Stored data
---

definition K15 :: "f3 list list" where
  "K15 =
   [[N, N, N, Z, N, N, Z, N, N, N, P, P, Z, N, P],
    [N, P, N, N, N, P, N, N, P, P, Z, Z, N, N, N],
    [N, N, Z, Z, P, N, P, Z, N, Z, N, Z, N, P, N],
    [Z, N, Z, P, P, Z, P, N, P, P, Z, Z, Z, Z, Z],
    [N, N, P, P, Z, Z, Z, N, P, N, P, P, Z, N, Z],
    [N, P, N, Z, Z, Z, Z, P, Z, Z, Z, N, P, P, P],
    [Z, N, P, P, Z, Z, N, Z, P, Z, N, Z, P, P, Z],
    [N, N, Z, N, N, P, Z, N, Z, P, N, N, Z, P, P],
    [N, P, N, P, P, Z, P, Z, P, N, N, Z, N, N, Z],
    [N, P, Z, P, N, Z, Z, P, N, Z, Z, P, Z, Z, P],
    [P, Z, N, Z, P, Z, N, N, N, Z, N, Z, N, Z, Z],
    [P, Z, Z, Z, P, N, Z, N, Z, P, Z, P, N, Z, Z],
    [Z, N, N, Z, Z, P, P, Z, N, Z, N, N, N, Z, N],
    [N, N, P, Z, N, P, P, P, N, Z, Z, Z, Z, P, Z],
    [P, N, N, Z, Z, P, Z, P, Z, P, Z, Z, N, Z, Z]]"

lemma certificate_8: "ternary_certificate 8 2 5 A8 B8 K8"
  by code_simp

lemma certificate_9: "ternary_certificate 9 2 6 A9 B9 K9"
  by code_simp

lemma certificate_10: "ternary_certificate 10 2 6 A10 B10 K10"
  by code_simp

lemma certificate_11: "ternary_certificate 11 3 7 A11 B11 K11"
  by code_simp

lemma certificate_12: "ternary_certificate 12 3 7 A12 B12 K12"
  by code_simp

lemma certificate_13: "ternary_certificate 13 3 7 A13 B13 K13"
  by code_simp

lemma certificate_14: "ternary_certificate 14 3 8 A14 B14 K14"
  by code_simp

lemma certificate_15: "ternary_certificate 15 3 8 A15 B15 K15"
  by code_simp

theorem theorem7:
  fixes s :: nat
  assumes "s \<ge> 1" and "card (UNIV :: 'a::field set) = 3"
  shows "(\<forall>n1\<in>{9, 10}. \<exists>C :: (nat \<Rightarrow> 'a) set. fsd_lcd_code (4*s*n1) (2*s*n1) 6 C)
    \<and> (\<forall>n2\<in>{11, 12, 13}. \<exists>C :: (nat \<Rightarrow> 'a) set. fsd_lcd_code (4*s*n2) (2*s*n2) 7 C)
    \<and> (\<forall>n3\<in>{14, 15}. \<exists>C :: (nat \<Rightarrow> 'a) set. fsd_lcd_code (4*s*n3) (2*s*n3) 8 C)
    \<and> (\<exists>C :: (nat \<Rightarrow> 'a) set. fsd_lcd_code (32*s) (16*s) 5 C)"
proof -
  have code: "\<exists>C :: (nat \<Rightarrow> 'a) set. fsd_lcd_code (4 * s * m) (2 * s * m) d C"
    if "ternary_certificate m t d A B K" for m t d A B K
    using fsd_lcd_code_of_certificate[OF assms(2) that, of "2 * s"] assms(1)
    by (simp add: mult.assoc)
  show ?thesis
    using code[OF certificate_8] code[OF certificate_9] code[OF certificate_10] code[OF certificate_11]
      code[OF certificate_12] code[OF certificate_13] code[OF certificate_14] code[OF certificate_15]
    by (simp add: mult.commute)
qed

end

---

### INSTRUCTIONS TO FOLLOW
Scan the entries for the word "using". Report each line that has it.

### SOLUTION TO THE PROBLEM
    using fsd_lcd_code_of_certificate[OF assms(2) that, of "2 * s"] assms(1)
    using code[OF certificate_8] code[OF certificate_9] code[OF certificate_10] code[OF certificate_11]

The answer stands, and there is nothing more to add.